THE STRUGGLE OVER THE FUTURE OF CUBA IS A GLOBAL STRUGGLE


Harry Targ


Trump Reverses Modest Improvements in US/Cuban Relations

With God’s help, a free Cuba is what we will soon achieve…I am canceling the last administration’s completely one-sided deal with Cuba.” (Donald Trump in “Trump Outlines New Cuba Policy in Speech in Miami’s Little Havana,” USA Today, June 16, 2017.)

With these words, President Trump announced the return to the almost 60-year Cold War against Cuba, a war that has cost the people on the island and their relatives in the United States dearly. The efforts to resume travel restrictions, limit trade and investment on the island, and to punish US citizens who travel to Cuba on their own seem motivated primarily by Trump’s promises to a dwindling sector of Cuban Americans in the Republican Party (and a few Democratic politicians as well). Although economics, geopolitics, and white supremacist ideology have shaped United States foreign policy, narrow and short-term political calculations seem to have motivated the reversal of modest US openings to Cuba that had been put in place during the Obama Administration.

Resistance to United States Global Hegemony Grows in the Twenty-First Century

The visible global political and military contests in the twenty-first century have centered in the Middle East and the Persian Gulf. But significant changes have been occurring in Latin America. A continent pillaged by Spain, Britain, France, Portugal, and the Netherlands for hundreds of years has been doggedly moving towards political autonomy and economic independence. Colonialism came to an end with the Spanish/Cuban/American war in 1898. In its place, the United States established neocolonial control over the politics and economics of virtually every country in the Hemisphere.
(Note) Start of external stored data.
theorem lemma2p8:
  fixes R :: "('a, 'c) ring_scheme" and p t :: nat and b :: int
    and W :: "('a, 'm) module" and \<phi> :: "'m \<Rightarrow> 'm" and D :: "int \<Rightarrow> 'm set"
    and g :: "nat \<Rightarrow> 'm"
  assumes "cring R" and "noetherian_ring R"
    and "nat_prime p" and "ring_char_eq R p"
    and "graded_frob_module R p W \<phi> D"
    and "\<forall>n < b. D n = {\<zero>\<^bsub>W\<^esub>}"
    and "\<forall>i < t. g i \<in> D b"
  shows "\<exists>(W' :: ('a, (nat \<Rightarrow> 'a) set \<times> 'm) module) \<phi>' D' \<iota> \<psi>.
      graded_frob_module R p W' \<phi>' D'
    \<and> (\<forall>n < b - 1. D' n = {\<zero>\<^bsub>W'\<^esub>})
    \<and> frob_mono R W \<phi> W' \<phi>' \<iota>
    \<and> (\<forall>n \<ge> b. D' n = \<iota> ` D n)
    \<and> \<psi> ` vecs R t = D' (b - 1)
    \<and> (\<forall>r \<in> vecs R t. \<forall>s \<in> vecs R t. \<psi> (\<lambda>i. r i \<oplus>\<^bsub>R\<^esub> s i) = \<psi> r \<oplus>\<^bsub>W'\<^esub> \<psi> s)
    \<and> (\<forall>a \<in> carrier R. \<forall>r \<in> vecs R t. \<psi> (\<lambda>i. a \<otimes>\<^bsub>R\<^esub> r i) = a \<odot>\<^bsub>W'\<^esub> \<psi> r)
    \<and> {r \<in> vecs R t. \<psi> r = \<zero>\<^bsub>W'\<^esub>} = frob_preimage R p t (relations R W t g)
    \<and> (\<forall>r \<in> vecs R t. \<phi>' (\<psi> r) = \<iota> (\<Oplus>\<^bsub>W\<^esub> i \<in> {..<t}. (r i [^]\<^bsub>R\<^esub> p) \<odot>\<^bsub>W\<^esub> g i))
    \<and> (x_torsion_free W \<phi> \<longrightarrow>
         x_torsion_free W' \<phi>'
         \<and> grann_set R p W' \<phi>' = grann_set R p W \<phi>
         \<and> grann_ideals R p W' \<phi>' = grann_ideals R p W \<phi>)"
proof -
  have "module R W" using assms(5) by (simp add: graded_frob_module_def frob_module_def)
  then interpret frobenius_extension R W p \<phi> D t b g
    using assms
    by (simp add: frobenius_extension_def frobenius_extension_axioms_def graded_frobenius_module_def
        graded_frobenius_module_axioms_def frobenius_module_def frobenius_module_axioms_def
        graded_frob_module_def)
  have grann_set_eq: "grann_set R p W' \<phi>' = grann_set R p W \<phi>" if "x_torsion_free W \<phi>"
    using grann_set_eq_frob_mono[OF W_frobenius_module W'.frobenius_module_axioms W'_frob_mono
        frob_image_in_\<iota> W'_torsion_free[OF that] p_pos] .
  show ?thesis
    using W'_graded D'_below W'_frob_mono D'_above D'_bottom \<psi>_add \<psi>_smult \<psi>_kernel \<phi>'_\<psi>
      W'_torsion_free grann_set_eq
    by (intro exI[of _ W'] exI[of _ \<phi>'] exI[of _ D'] exI[of _ \<iota>] exI[of _ \<psi>])
      (simp add: frob_comb_def grann_ideals_eq_grann_set)
qed

end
At first, from 1898 until 1933, the U.S. maintained control through repeated military interventions There were over 30 interventions in 35 years with long marine military occupations of Haiti, Cuba, and Nicaragua.

From the 1930s until the 1980s, U.S. control was maintained by putting in place and supporting military dictatorships in such countries as Argentina, Brazil, and Chile. During the time Reagan, Bush senior and Clinton were in office, control was enhanced by so-called “neoliberal” economic policies. These demanded that countries, increasingly tied to international banks by crippling debt, create open markets, allow foreign economic penetration, and drastically reduce domestic spending for its own citizens.  

During the years of dictatorship and neoliberalism, the primary example of resistance to U.S. economic imperialism and militarism was Cuba. For that reason, the United States put in place a policy of diplomatic isolation, an economic blockade, and a fifty-year campaign to subvert and overthrow the revolutionary government. During the presidency of Barack Obama modest changes in Cuban policy were instituted including the establishment of formal diplomatic relations, increased abilities of US citizens to travel to Cuba, increased opportunities for investment and trade with the island, and collaboration on efforts to end drug smuggling from Latin to North America. Much more needed to be done but now the new president, Donald Trump, has begun to reverse the modest improvements in US/Cuban relations. And, it appears, the Trump policies seem to be motivated more by narrow political gain than US economic opportunities.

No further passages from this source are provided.